◆ **WHAT TO WORK ON**
Transcribe exactly everything in the data below from the line containing "are thus determined" down to the line containing "n = cnj ((u", both lines included and nothing further.

◆ **RECORDED DATA**
-*-
(* Let $d\ge1$ and let $p\in\mathcal P_d$ be nonzero. Then there exists $z_0\in\mathbb T$ such that, with $e_{j+1}=\frac1{\sqrt d}K_{z_0\nu^j}$ for $j=0,\dots,d-1$: (i) $\{e_j\}_{j=1}^d$ is an orthonormal basis of $\mathcal P_d$; (ii) $p$ is full with respect to this basis; and (iii) the values $\mathcal A_{\{e_j\}}(p)$ are determined by $\mathcal A(p)$, i.e. for every $q\in\mathcal P_d$ with $\mathcal A(q)=\mathcal A(p)$ one has $\mathcal A_{\{e_j\}}(q)=\mathcal A_{\{e_j\}}(p)$.
   Context: $\mathcal P_d$ is the space of complex polynomials of degree at most $d-1$ on the unit circle $\mathbb T$, with inner product $\langle p,q\rangle=\frac1{2\pi}\int_0^{2\pi}p(e^{it})\overline{q(e^{it})}dt$. For $w\in\mathbb T$, $K_w(z)=\sum_{j=0}^{d-1}\overline{w}^jz^j$, so that $\langle p,K_w\rangle=p(w)$. Let $\omega=e^{2\pi i/(2d-1)}$, $\nu=e^{2\pi i/d}$. The map $\mathcal A:\mathcal P_d\to\mathbb R^{6d-3}$ is $(\mathcal A(p))_j=|p(\omega^j)|^2$ ($1\le j\le 2d-1$), $|p(\omega^j)-p(\omega^j\nu)|^2$ ($2d\le j\le4d-2$), $|p(\omega^j)-ip(\omega^j\nu)|^2$ ($4d-1\le j\le 6d-3$). A vector $p$ is full with respect to a basis $\{e_j\}$ if $\langle p,e_j\rangle\ne0$ for all $j$. For a basis $\{e_j\}_{j=1}^d$ of $\mathcal P_d$, let $f_j=e_j$ ($1\le j\le d$), $f_j=e_{j-d}-e_{j-d+1}$ ($d+1\le j\le 2d-1$), $f_j=e_{j-(2d-1)}-ie_{j-(2d-1)+1}$ ($2d\le j\le 3d-2$), and $\mathcal A_{\{e_j\}}(q)=(|\langle q,f_j\rangle|^2)_{j=1}^{3d-2}$. *)

theory Defs
  imports "HOL-Analysis.Analysis" "HOL-Computational_Algebra.Polynomial"
begin

definition Pd :: "nat \<Rightarrow> complex poly set" where
  "Pd d = {p. degree p < d}"

definition ip :: "complex poly \<Rightarrow> complex poly \<Rightarrow> complex" where
  "ip p q = integral {0..2*pi} (\<lambda>t::real. poly p (exp (\<i> * of_real t)) * cnj (poly q (exp (\<i> * of_real t))))
            / complex_of_real (2*pi)"

definition Kker :: "nat \<Rightarrow> complex \<Rightarrow> complex poly" where
  "Kker d w = (\<Sum>j<d. monom (cnj w ^ j) j)"

definition omega :: "nat \<Rightarrow> complex" where
  "omega d = exp (2 * of_real pi * \<i> / of_nat (2*d - 1))"

definition nu :: "nat \<Rightarrow> complex" where
  "nu d = exp (2 * of_real pi * \<i> / of_nat d)"

definition measA :: "nat \<Rightarrow> complex poly \<Rightarrow> nat \<Rightarrow> real" where
  "measA d p j =
    (if 1 \<le> j \<and> j \<le> 2*d - 1 then (cmod (poly p (omega d ^ j)))^2
     else if 2*d \<le> j \<and> j \<le> 4*d - 2 then
       (cmod (poly p (omega d ^ j) - poly p (omega d ^ j * nu d)))^2
     else if 4*d - 1 \<le> j \<and> j \<le> 6*d - 3 then
       (cmod (poly p (omega d ^ j) - \<i> * poly p (omega d ^ j * nu d)))^2
     else 0)"

definition orthonormal_basis :: "nat \<Rightarrow> (nat \<Rightarrow> complex poly) \<Rightarrow> bool" where
  "orthonormal_basis d e \<longleftrightarrow>
     (\<forall>j\<in>{1..d}. e j \<in> Pd d) \<and>
     (\<forall>i\<in>{1..d}. \<forall>j\<in>{1..d}. ip (e i) (e j) = (if i = j then 1 else 0)) \<and>
     (\<forall>q\<in>Pd d. \<exists>c::nat \<Rightarrow> complex. q = (\<Sum>j\<in>{1..d}. smult (c j) (e j)))"

definition full :: "nat \<Rightarrow> complex poly \<Rightarrow> (nat \<Rightarrow> complex poly) \<Rightarrow> bool" where
  "full d p e \<longleftrightarrow> (\<forall>j\<in>{1..d}. ip p (e j) \<noteq> 0)"

definition fvec :: "nat \<Rightarrow> (nat \<Rightarrow> complex poly) \<Rightarrow> nat \<Rightarrow> complex poly" where
  "fvec d e j =
    (if 1 \<le> j \<and> j \<le> d then e j
     else if d + 1 \<le> j \<and> j \<le> 2*d - 1 then e (j - d) - e (j - d + 1)
     else if 2*d \<le> j \<and> j \<le> 3*d - 2 then e (j - (2*d - 1)) - smult \<i> (e (j - (2*d - 1) + 1))
     else 0)"

definition measAe :: "nat \<Rightarrow> (nat \<Rightarrow> complex poly) \<Rightarrow> complex poly \<Rightarrow> nat \<Rightarrow> real" where
  "measAe d e q j = (if 1 \<le> j \<and> j \<le> 3*d - 2 then (cmod (ip q (fvec d e j)))^2 else 0)"

definition kbasis :: "nat \<Rightarrow> complex \<Rightarrow> nat \<Rightarrow> complex poly" where
  "kbasis d z0 j = smult (complex_of_real (1 / sqrt (real d))) (Kker d (z0 * nu d ^ (j - 1)))"

end

theory Submission
  imports Defs
begin

text \<open>
  With e_(j+1) = K_(z0 nu^j) / sqrt d, the reproducing property gives <q, e_(j+1)> = q(z0 nu^j) / sqrt d,
  so orthonormality and completeness of this basis reduce to the orthogonality of the characters of the
  cyclic group of order d, and p is full as soon as z0 avoids the finitely many points z with
  p(z nu^k) = 0.

  On the circle, |q|^2 - |p|^2 equals z^(1-d) times a polynomial of degree at most 2d - 2; hence if
  |q| = |p| at the 2d - 1 points omega^j, then |q| = |p| on the whole circle. The three blocks of A(q)
  give this for q, for q - q(nu .) and for q - i q(nu .). The entries of A_e(q) are, up to the factor
  1/d, the values |q(w)|^2, |q(w) - q(w nu)|^2 and |q(w) + i q(w nu)|^2 at w = z0 nu^k; the first two
  are thus determined by A(q), and the last one by the parallelogram law.
\<close>

section \<open>Roots of unity\<close>

definition unit_root :: "nat \<Rightarrow> complex" where
  "unit_root n = exp (2 * of_real pi * \<i> / of_nat n)"

lemma omega_eq_unit_root: "omega d = unit_root (2*d - 1)"
  unfolding omega_def unit_root_def by simp

lemma nu_eq_unit_root: "nu d = unit_root d"
  unfolding nu_def unit_root_def by simp

lemma unit_root_pow: "unit_root n ^ k = exp (2 * of_real pi * \<i> * of_nat k / of_nat n)"
  unfolding unit_root_def by (simp add: exp_of_nat_mult[symmetric] mult_ac)

lemma norm_unit_root [simp]: "cmod (unit_root n) = 1"
  unfolding unit_root_def by (simp add: norm_exp_eq_Re)

lemma unit_root_pow_self: "1 \<le> n \<Longrightarrow> unit_root n ^ n = 1"
  by (simp add: unit_root_pow complex_root_unity_eq_1)

lemma inj_on_unit_root_pow:
  assumes "1 \<le> n"
  shows "inj_on (\<lambda>j. unit_root n ^ j) {s..<s+n}"
proof -
  have "j = k" if "j \<le> k" "j mod n = k mod n" "j \<in> {s..<s+n}" "k \<in> {s..<s+n}" for j k
  proof -
    have "n dvd k - j" "k - j < n" using that mod_eq_dvd_iff_nat[of j k n] by auto
    then show "j = k" using \<open>j \<le> k\<close> nat_dvd_not_less[of "k - j" n] by fastforce
  qed
  then show ?thesis
    unfolding inj_on_def unit_root_pow complex_root_unity_eq[OF assms] by (metis nat_le_linear)
qed

lemma cnj_mult_self_unit: "cmod x = 1 \<Longrightarrow> cnj x * x = 1"
  using complex_norm_square[of x] by (simp add: mult.commute)

lemma cnj_unit_mult_cancel: "cmod z = 1 \<Longrightarrow> cnj (z * a) * (z * b) = cnj a * b"
  using cnj_mult_self_unit[of z] by (simp add: algebra_simps)

lemma sum_unit_root_char:
  assumes "1 \<le> n" "j < n" "k < n"
  shows "(\<Sum>m<n. (cnj (unit_root n ^ k) * unit_root n ^ j) ^ m) = (if j = k then of_nat n else 0)"
proof -
  define u where "u = unit_root n"
  define \<rho> where "\<rho> = cnj (u ^ k) * u ^ j"
  have unit: "cnj (u ^ i) * u ^ i = 1" for i
    by (rule cnj_mult_self_unit) (simp add: u_def norm_power)
  have "\<rho> ^ n = cnj ((u ^ n) ^ k) * (u ^ n) ^ j"
    unfolding \<rho>_def by (simp add: power_mult_distrib flip: power_mult complex_cnj_power) (simp add: mult.commute)
  then have "\<rho> ^ n = 1" using unit_root_pow_self[OF assms(1)] by (simp add: u_def)
  moreover have "\<rho> = 1 \<longleftrightarrow> j = k"
  proof
    assume "\<rho> = 1"
    then have "u ^ j = u ^ k" using unit[of k] unfolding \<rho>_def
      by (metis mult.assoc mult_1 mult.commute)
    then show "j = k"
      using inj_on_unit_root_pow[OF assms(1), of 0] assms by (auto simp: u_def inj_on_def)
  qed (use unit[of k] in \<open>simp add: \<rho>_def\<close>)
  ultimately show ?thesis unfolding \<rho>_def[symmetric] u_def[symmetric] by (simp add: sum_gp_strict)
qed

section \<open>The inner product on the circle\<close>

lemma poly_eq_sum_lessThan:
  fixes p :: "'a::{comm_semiring_0,semiring_1} poly"
  assumes "degree p < N"
  shows "poly p x = (\<Sum>k<N. coeff p k * x ^ k)"
  by (subst poly_altdef, rule sum.mono_neutral_left) (use assms in \<open>auto simp: coeff_eq_0\<close>)

lemma has_integral_exp_int:
  fixes n :: int
  shows "((\<lambda>t::real. exp (of_int n * \<i> * of_real t)) has_integral
           (if n = 0 then complex_of_real (2*pi) else 0)) {0..2*pi}"
proof (cases "n = 0")
  case True
  then show ?thesis using has_integral_const_real[of "1::complex" 0 "2*pi"]
    by (simp add: scaleR_conv_of_real)
next
  case False
  define c where "c = of_int n * \<i>"
  have "c \<noteq> 0" using False by (simp add: c_def)
  have "((\<lambda>t::real. exp (c * of_real t) / c) has_vector_derivative exp (c * of_real t))
          (at t within {0..2*pi})" for t
    using \<open>c \<noteq> 0\<close>
    by (intro has_vector_derivative_real_field[where f="\<lambda>z. exp (c*z)/c"]) (auto intro!: derivative_eq_intros)
  then have "((\<lambda>t::real. exp (c * of_real t)) has_integral
               (exp (c * of_real (2*pi)) / c - exp (c * of_real 0) / c)) {0..2*pi}"
    by (intro fundamental_theorem_of_calculus) auto
  moreover have "exp (c * of_real (2*pi)) = 1"
    using exp_integer_2pi[of "of_int n"] by (simp add: c_def mult_ac)
  ultimately show ?thesis using False by (simp add: c_def)
qed

lemma poly_mult_cnj_poly_circle:
  assumes "degree p < N" "degree q < N"
  shows "poly p (exp (\<i> * of_real t)) * cnj (poly q (exp (\<i> * of_real t)))
       = (\<Sum>m<N. \<Sum>k<N. (coeff p m * cnj (coeff q k)) * exp (of_int (int m - int k) * \<i> * of_real t))"
proof -
  have pow: "exp (\<i> * of_real t) ^ m * cnj (exp (\<i> * of_real t)) ^ k = exp (of_int (int m - int k) * \<i> * of_real t)"
    for m k
    by (simp add: exp_of_nat_mult[symmetric] exp_cnj exp_add[symmetric] algebra_simps)
  then show ?thesis
    unfolding poly_eq_sum_lessThan[OF assms(1)] poly_eq_sum_lessThan[OF assms(2)] cnj_sum sum_product
    by (intro sum.cong refl) (simp add: mult_ac flip: pow)
qed

lemma ip_eq_sum_coeff:
  assumes "degree p < N" "degree q < N"
  shows "ip p q = (\<Sum>k<N. coeff p k * cnj (coeff q k))"
proof -
  let ?c = "\<lambda>m k. coeff p m * cnj (coeff q k)"
  have "((\<lambda>t::real. poly p (exp (\<i> * of_real t)) * cnj (poly q (exp (\<i> * of_real t)))) has_integral
          (\<Sum>m<N. \<Sum>k<N. ?c m k * (if int m - int k = 0 then complex_of_real (2*pi) else 0))) {0..2*pi}"
    unfolding poly_mult_cnj_poly_circle[OF assms]
    by (intro has_integral_sum finite_lessThan has_integral_mult_right has_integral_exp_int)
  also have "(\<Sum>m<N. \<Sum>k<N. ?c m k * (if int m - int k = 0 then complex_of_real (2*pi) else 0))
           = (\<Sum>m<N. complex_of_real (2*pi) * ?c m m)"
    by (intro sum.cong refl) (simp add: if_distrib[of "\<lambda>x. _ * x"] sum.delta cong: if_cong)
  finally show ?thesis
    unfolding ip_def by (simp add: integral_unique sum_distrib_left[symmetric])
qed

lemma ip_diff_right: "ip q (a - b) = ip q a - ip q b"
proof -
  define N where "N = Suc (max (degree q) (max (degree a) (degree b)))"
  have "degree q < N" "degree a < N" "degree b < N" "degree (a - b) < N"
    unfolding N_def using degree_diff_le_max[of a b] by auto
  then show ?thesis by (simp add: ip_eq_sum_coeff[of _ N] sum_subtractf algebra_simps)
qed

lemma ip_smult_right: "ip q (smult c a) = cnj c * ip q a"
proof -
  define N where "N = Suc (max (degree q) (degree a))"
  have "degree q < N" "degree a < N" "degree (smult c a) < N"
    unfolding N_def by auto
  then show ?thesis by (simp add: ip_eq_sum_coeff[of _ N] sum_distrib_left mult_ac)
qed

section \<open>The kernel basis\<close>

lemma coeff_Kker: "coeff (Kker d w) k = (if k < d then cnj w ^ k else 0)"
  unfolding Kker_def by (simp add: coeff_sum coeff_monom)

lemma poly_Kker: "poly (Kker d w) y = (\<Sum>k<d. (cnj w * y) ^ k)"
  unfolding Kker_def by (simp add: poly_sum poly_monom power_mult_distrib)

lemma degree_Kker: "d \<ge> 1 \<Longrightarrow> degree (Kker d w) < d"
  using degree_le[of "d - 1" "Kker d w"] by (force simp: coeff_Kker)

lemma ip_Kker:
  assumes "degree q < d"
  shows "ip q (Kker d w) = poly q w"
  using assms by (simp add: ip_eq_sum_coeff[of _ d] degree_Kker coeff_Kker poly_eq_sum_lessThan[of _ d])

lemma degree_kbasis: "d \<ge> 1 \<Longrightarrow> degree (kbasis d z0 j) < d"
  unfolding kbasis_def using degree_Kker by (meson degree_smult_le le_less_trans)

lemma ip_kbasis:
  assumes "degree q < d"
  shows "ip q (kbasis d z0 j) = of_real (1 / sqrt (real d)) * poly q (z0 * nu d ^ (j - 1))"
  using assms unfolding kbasis_def by (simp add: ip_smult_right ip_Kker)

lemma coeff_kbasis:
  "coeff (kbasis d z0 j) n = (if n < d then of_real (1 / sqrt (real d)) * cnj (z0 * nu d ^ (j - 1)) ^ n else 0)"
  unfolding kbasis_def by (simp add: coeff_Kker)

lemma of_real_inverse_sqrt_squared:
  "d \<ge> 1 \<Longrightarrow> complex_of_real (1 / sqrt (real d)) * complex_of_real (1 / sqrt (real d)) = 1 / of_nat d"
  by (simp flip: of_real_mult add: of_real_divide[symmetric])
-*-
◆ **ANSWER SECTION**
  are thus determined by A(q), and the last one by the parallelogram law.
\<close>

section \<open>Roots of unity\<close>

definition unit_root :: "nat \<Rightarrow> complex" where
  "unit_root n = exp (2 * of_real pi * \<i> / of_nat n)"

lemma omega_eq_unit_root: "omega d = unit_root (2*d - 1)"
  unfolding omega_def unit_root_def by simp

lemma nu_eq_unit_root: "nu d = unit_root d"
  unfolding nu_def unit_root_def by simp

lemma unit_root_pow: "unit_root n ^ k = exp (2 * of_real pi * \<i> * of_nat k / of_nat n)"
  unfolding unit_root_def by (simp add: exp_of_nat_mult[symmetric] mult_ac)

lemma norm_unit_root [simp]: "cmod (unit_root n) = 1"
  unfolding unit_root_def by (simp add: norm_exp_eq_Re)

lemma unit_root_pow_self: "1 \<le> n \<Longrightarrow> unit_root n ^ n = 1"
  by (simp add: unit_root_pow complex_root_unity_eq_1)

lemma inj_on_unit_root_pow:
  assumes "1 \<le> n"
  shows "inj_on (\<lambda>j. unit_root n ^ j) {s..<s+n}"
proof -
  have "j = k" if "j \<le> k" "j mod n = k mod n" "j \<in> {s..<s+n}" "k \<in> {s..<s+n}" for j k
  proof -
    have "n dvd k - j" "k - j < n" using that mod_eq_dvd_iff_nat[of j k n] by auto
    then show "j = k" using \<open>j \<le> k\<close> nat_dvd_not_less[of "k - j" n] by fastforce
  qed
  then show ?thesis
    unfolding inj_on_def unit_root_pow complex_root_unity_eq[OF assms] by (metis nat_le_linear)
qed

lemma cnj_mult_self_unit: "cmod x = 1 \<Longrightarrow> cnj x * x = 1"
  using complex_norm_square[of x] by (simp add: mult.commute)

lemma cnj_unit_mult_cancel: "cmod z = 1 \<Longrightarrow> cnj (z * a) * (z * b) = cnj a * b"
  using cnj_mult_self_unit[of z] by (simp add: algebra_simps)

lemma sum_unit_root_char:
  assumes "1 \<le> n" "j < n" "k < n"
  shows "(\<Sum>m<n. (cnj (unit_root n ^ k) * unit_root n ^ j) ^ m) = (if j = k then of_nat n else 0)"
proof -
  define u where "u = unit_root n"
  define \<rho> where "\<rho> = cnj (u ^ k) * u ^ j"
  have unit: "cnj (u ^ i) * u ^ i = 1" for i
    by (rule cnj_mult_self_unit) (simp add: u_def norm_power)
  have "\<rho> ^ n = cnj ((u ^ n) ^ k) * (u ^ n) ^ j"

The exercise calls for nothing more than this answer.